The investment model selects the investment candidates ensuring the minimisation of the overall system cost for the whole geographic perimeter. It also prevents overinvestment in a particular technology, such as solar PV, as their similar generation profiles reduce the marginal price on sunny hours, so that further investment is not economically viable. Flexibility options such as batteries and interconnection benefit from higher marginal price by delivering later (through storage) or in another bidding zone (through interconnection).

Figure 45: Solar PV load factor for the Climatic year 2009 – Distributed Energy 2040

Figure 46: Onshore wind load factor for the Climatic year 2009 – Distributed Energy 2040

Figure 47: Offshore wind load factor for the Climatic year 2009 – Distributed Energy 2040

While LCOE may no longer fit the purpose of comparing investment candidates within a wide range of technologies, it is still useful to compare the location for a given technology as it takes into account resource availability both in a geographical and climatic sense.
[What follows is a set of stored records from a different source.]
(* Let $U$ be an infinite complex matrix (rows and columns indexed by positive integers) with finitely many nonzero entries in every row and every column. Then $U$ is unitary (i.e. $UU^*=U^*U=I$) if and only if $U^*U=I$ and every row of $U$ has norm $1$.
   Context: $U^*$ denotes the Hermitian conjugate of $U$; $I$ is the infinite identity matrix; products of infinite matrices are defined entrywise by $(XY)_{ij}=\sum_k x_{ik}y_{kj}$. *)

theory Defs
  imports "HOL-Analysis.Analysis"
begin

text \<open>Infinite complex matrices, rows and columns indexed by positive integers.
  We use functions nat => nat => complex and only ever look at indices >= 1;
  entries at index 0 are ignored.\<close>

type_synonym imat = "nat \<Rightarrow> nat \<Rightarrow> complex"

definition pos_idx :: "nat set" where "pos_idx = {1..}"

definition imat_mult :: "imat \<Rightarrow> imat \<Rightarrow> imat" where
  "imat_mult X Y = (\<lambda>i j. \<Sum>\<^sub>\<infinity>k\<in>pos_idx. X i k * Y k j)"

definition imat_adj :: "imat \<Rightarrow> imat" where
  "imat_adj U = (\<lambda>i j. cnj (U j i))"

definition imat_id :: imat where
  "imat_id = (\<lambda>i j. if i = j then 1 else 0)"

definition imat_eq :: "imat \<Rightarrow> imat \<Rightarrow> bool" where
  "imat_eq X Y \<longleftrightarrow> (\<forall>i\<in>pos_idx. \<forall>j\<in>pos_idx. X i j = Y i j)"

definition row_finite :: "imat \<Rightarrow> bool" where
  "row_finite U \<longleftrightarrow> (\<forall>i\<in>pos_idx. finite {j\<in>pos_idx. U i j \<noteq> 0})"

definition col_finite :: "imat \<Rightarrow> bool" where
  "col_finite U \<longleftrightarrow> (\<forall>j\<in>pos_idx. finite {i\<in>pos_idx. U i j \<noteq> 0})"

definition row_norm :: "imat \<Rightarrow> nat \<Rightarrow> real" where
  "row_norm U i = sqrt (\<Sum>\<^sub>\<infinity>j\<in>pos_idx. (cmod (U i j))\<^sup>2)"

definition unitary :: "imat \<Rightarrow> bool" where
  "unitary U \<longleftrightarrow> imat_eq (imat_mult U (imat_adj U)) imat_id
               \<and> imat_eq (imat_mult (imat_adj U) U) imat_id"

end

theory Submission
  imports Defs
begin

text \<open>Fix a row \<open>r\<close> of \<open>U\<close> and let \<open>w = U r\<^sup>*\<close>, the corresponding column of \<open>U U\<^sup>*\<close>.
  Because \<open>r\<close> has finite support and the columns of \<open>U\<close> are orthonormal, \<open>U\<close> acts on \<open>r\<^sup>*\<close>
  as an isometry, so \<open>\<parallel>w\<parallel> = \<parallel>r\<parallel> = 1\<close>. But the diagonal entry of \<open>w\<close> is already \<open>\<parallel>r\<parallel>\<^sup>2 = 1\<close>,
  so all other entries of \<open>w\<close> vanish. Conversely, the diagonal of \<open>U U\<^sup>* = I\<close> says
  that every row has norm 1.\<close>

definition row_support :: "imat \<Rightarrow> nat \<Rightarrow> nat set" where
  "row_support U i = {j\<in>pos_idx. U i j \<noteq> 0}"

definition col_support :: "imat \<Rightarrow> nat \<Rightarrow> nat set" where
  "col_support U j = {i\<in>pos_idx. U i j \<noteq> 0}"

lemma finite_row_support: "row_finite U \<Longrightarrow> i \<in> pos_idx \<Longrightarrow> finite (row_support U i)"
  by (simp add: row_finite_def row_support_def)

lemma finite_col_support: "col_finite U \<Longrightarrow> j \<in> pos_idx \<Longrightarrow> finite (col_support U j)"
  by (simp add: col_finite_def col_support_def)

lemma imat_mult_eq_sum:
  assumes "finite K" "K \<subseteq> pos_idx" "\<And>k. k \<in> pos_idx - K \<Longrightarrow> X i k * Y k j = 0"
  shows "imat_mult X Y i j = (\<Sum>k\<in>K. X i k * Y k j)"
  unfolding imat_mult_def by (rule infsumI[OF has_sum_finite_neutralI]) (use assms in auto)

lemma imat_mult_adj_right_eq_sum:
  assumes "row_finite U" "i \<in> pos_idx"
  shows "imat_mult U (imat_adj U) k i = (\<Sum>j\<in>row_support U i. U k j * cnj (U i j))"
  unfolding imat_adj_def
  by (rule imat_mult_eq_sum) (use finite_row_support[OF assms] in \<open>auto simp: row_support_def\<close>)

lemma imat_mult_adj_left_eq_sum:
  assumes "finite M" "col_support U j \<subseteq> M" "M \<subseteq> pos_idx"
  shows "imat_mult (imat_adj U) U j j' = (\<Sum>k\<in>M. cnj (U k j) * U k j')"
  unfolding imat_adj_def
  by (rule imat_mult_eq_sum) (use assms in \<open>auto simp: col_support_def\<close>)

lemma sum_cnj_mult_self: "(\<Sum>x\<in>A. cnj (f x) * f x) = complex_of_real (\<Sum>x\<in>A. (cmod (f x))\<^sup>2)"
  by (simp only: of_real_sum complex_norm_square mult.commute)

lemma row_norm_sq:
  assumes "row_finite U" "i \<in> pos_idx"
  shows "(row_norm U i)\<^sup>2 = (\<Sum>j\<in>row_support U i. (cmod (U i j))\<^sup>2)"
proof -
  have "(\<Sum>\<^sub>\<infinity>j\<in>pos_idx. (cmod (U i j))\<^sup>2) = (\<Sum>j\<in>row_support U i. (cmod (U i j))\<^sup>2)"
    by (rule infsumI[OF has_sum_finite_neutralI])
       (use finite_row_support[OF assms] in \<open>auto simp: row_support_def\<close>)
  then show ?thesis
    by (simp add: row_norm_def sum_nonneg)
qed

lemma imat_mult_adj_diag:
  assumes "row_finite U" "i \<in> pos_idx"
  shows "imat_mult U (imat_adj U) i i = complex_of_real ((row_norm U i)\<^sup>2)"
  using sum_cnj_mult_self[of "\<lambda>j. U i j" "row_support U i"]
  by (simp add: imat_mult_adj_right_eq_sum row_norm_sq assms mult.commute)

lemma imat_mult_adj_diag_eq_1_iff:
  assumes "row_finite U" "i \<in> pos_idx"
  shows "imat_mult U (imat_adj U) i i = 1 \<longleftrightarrow> row_norm U i = 1"
proof -
  have "row_norm U i \<ge> 0"
    by (simp add: row_norm_def infsum_nonneg)
  moreover have "imat_mult U (imat_adj U) i i = 1 \<longleftrightarrow> (row_norm U i)\<^sup>2 = 1"
    unfolding imat_mult_adj_diag[OF assms] by (rule of_real_eq_1_iff)
  ultimately show ?thesis
    by (auto simp: power2_eq_1_iff)
qed

lemma isometry_of_orthonormal_columns:
  fixes A :: "'a \<Rightarrow> 'b \<Rightarrow> complex"
  assumes "finite J"
    and orth: "\<And>j j'. j \<in> J \<Longrightarrow> j' \<in> J \<Longrightarrow>
                 (\<Sum>k\<in>M. cnj (A k j) * A k j') = (if j = j' then 1 else 0)"
  shows "(\<Sum>k\<in>M. (cmod (\<Sum>j\<in>J. A k j * x j))\<^sup>2) = (\<Sum>j\<in>J. (cmod (x j))\<^sup>2)"
proof -
  have "complex_of_real (\<Sum>k\<in>M. (cmod (\<Sum>j\<in>J. A k j * x j))\<^sup>2)
      = (\<Sum>k\<in>M. cnj (\<Sum>j\<in>J. A k j * x j) * (\<Sum>j'\<in>J. A k j' * x j'))"
    by (rule sum_cnj_mult_self[symmetric])
  also have "\<dots> = (\<Sum>j\<in>J. \<Sum>j'\<in>J. cnj (x j) * x j' * (\<Sum>k\<in>M. cnj (A k j) * A k j'))"
    by (simp add: sum_distrib_left sum_distrib_right sum.swap[of _ M] mult_ac)
  also have "\<dots> = (\<Sum>j\<in>J. cnj (x j) * x j)"
    using \<open>finite J\<close> by (simp add: orth if_distrib[where f="\<lambda>c. _ * c"] cong: if_cong)
  also have "\<dots> = complex_of_real (\<Sum>j\<in>J. (cmod (x j))\<^sup>2)"
    by (rule sum_cnj_mult_self)
  finally show ?thesis
    by (simp only: of_real_eq_iff)
qed

lemma imat_mult_adj_col_eq_id:
  assumes rf: "row_finite U" and cf: "col_finite U"
    and cols: "imat_eq (imat_mult (imat_adj U) U) imat_id"
    and i: "i \<in> pos_idx" and norm: "row_norm U i = 1"
    and m: "m \<in> pos_idx"
  shows "imat_mult U (imat_adj U) m i = imat_id m i"
proof -
  define J where "J = row_support U i"
  define M where "M = insert i (\<Union>j\<in>J. col_support U j)"
  define w where "w k = imat_mult U (imat_adj U) k i" for k
  have J: "finite J" "J \<subseteq> pos_idx"
    using finite_row_support[OF rf i] by (auto simp: J_def row_support_def)
  have M: "finite M" "M \<subseteq> pos_idx" "i \<in> M"
    using J finite_col_support[OF cf] i by (auto simp: M_def col_support_def)
  have w_sum: "w k = (\<Sum>j\<in>J. U k j * cnj (U i j))" for k
    by (simp add: w_def J_def imat_mult_adj_right_eq_sum[OF rf i])
  have w_i: "w i = 1"
    by (simp add: w_def imat_mult_adj_diag[OF rf i] norm)
  have w_outside: "w k = 0" if "k \<in> pos_idx - M" for k
    unfolding w_sum using that by (intro sum.neutral) (auto simp: M_def col_support_def)
  have col_orth: "(\<Sum>k\<in>M. cnj (U k j) * U k j') = (if j = j' then 1 else 0)"
    if "j \<in> J" "j' \<in> J" for j j'
  proof -
    have "col_support U j \<subseteq> M" using that by (auto simp: M_def)
    then have "(\<Sum>k\<in>M. cnj (U k j) * U k j') = imat_mult (imat_adj U) U j j'"
      using M by (simp add: imat_mult_adj_left_eq_sum)
    also have "\<dots> = (if j = j' then 1 else 0)"
      using cols that J(2) unfolding imat_eq_def imat_id_def by blast
    finally show ?thesis .
  qed
  have "(\<Sum>k\<in>M. (cmod (w k))\<^sup>2) = (\<Sum>j\<in>J. (cmod (cnj (U i j)))\<^sup>2)"
    unfolding w_sum by (rule isometry_of_orthonormal_columns[OF J(1) col_orth])
  also have "\<dots> = 1"
    using row_norm_sq[OF rf i] by (simp add: J_def norm)
  finally have "(\<Sum>k\<in>M - {i}. (cmod (w k))\<^sup>2) = 0"
    using M w_i by (simp add: sum.remove)
  then have w_M: "w k = 0" if "k \<in> M - {i}" for k
    using M that by (simp add: sum_nonneg_eq_0_iff)
  show ?thesis
    using w_i w_M w_outside m by (cases "m \<in> M") (auto simp: w_def imat_id_def)
qed

theorem lemma4:
  fixes U :: imat
  assumes "row_finite U" and "col_finite U"
  shows "unitary U \<longleftrightarrow>
           (imat_eq (imat_mult (imat_adj U) U) imat_id \<and> (\<forall>i\<in>pos_idx. row_norm U i = 1))"
proof
  assume "unitary U"
  then show "imat_eq (imat_mult (imat_adj U) U) imat_id \<and> (\<forall>i\<in>pos_idx. row_norm U i = 1)"
    using imat_mult_adj_diag_eq_1_iff[OF assms(1)]
    by (auto simp: unitary_def imat_eq_def imat_id_def)
next
  assume "imat_eq (imat_mult (imat_adj U) U) imat_id \<and> (\<forall>i\<in>pos_idx. row_norm U i = 1)"
  then show "unitary U"
    using imat_mult_adj_col_eq_id[OF assms] by (auto simp: unitary_def imat_eq_def)
qed

end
The cost of technology for residential PV is stable across Europe however its load factor is wholly dependent on the geographical location. For example, solar PV average load factor is 18 % in Spain and only 10 % in Finland. Based on cost assumption for Distributed Energy in 2050, it results in a LCOE of ~14 €/MWh in Spain compared to ~26 €/MWh in Finland.

With competitive RES, the decision on building new conventional thermal plants will be increasingly driven by the flexibility need of the electricity system rather than delivering energy across the year. Their role will be to meet the residual demand and ensure national and regional security of supply through interconnections. The choice between cheaper units (e. g., OCGT) and more sophisticated, expensive and efficient units (e. g. CCGT) will depend on the number of running hours required to balance the system and the price of low carbon equivalents to present fossil fuels. These technologies will also need to compete against other forms of flexibility, such as interconnectors, demand side response, batteries and hydrogen storage.

Nuclear is a specific technology as the choice to build new units not only depends on the economics of the facility but also on political and industrial decision considering the overall value chain. As a result, the development of new capacity is an input to the scenarios with no new units in Distributed Energy while Global Ambition follows a trend set by high trajectories from the relevant TSOs of countries anticipating new nuclear. Therefore, nuclear generation is only influencing the marginal prices of the scenarios.

As a result, the comparison of economic competitiveness of new power generation units could be clustered in two groups:

  • Wind and solar as the main electricity source in terms of energy delivered on annual basis;
  • Thermal generation as a source of flexibility on the generation side (in competition with other flexibility options such as batteries, DSM or interconnections).

Figure 48: LCOE of wind and solar under different configurations – Distributed Energy 2040

Figure 49: LCOE of wind and solar in different configurations – Global Ambition 2040

Figure 50: LCOE of flexible methane generation under different load factors – Distributed Energy 2040 (Fuel cost is based on a 57 %/30 %/13 % mix between natural gas, biomethane and synthetic methane with a CO₂ cost of 123 €/t CO₂. LCOE are very similar for Global Ambition.)

  • Solar PV and onshore wind in Distributed Energy is linked to the development of prosumer behaviour and decentralised focus;
  • Wind offshore in Global Ambition linked to the development of large-scale RES solution.

The graphs also show the impact of running hours on the choice of flexible thermal generation. The increasing cost of fuels and CO₂ result in a premium for most efficient units with OCGT becoming competitive against CCGT for load factors between 10 % and 30 %.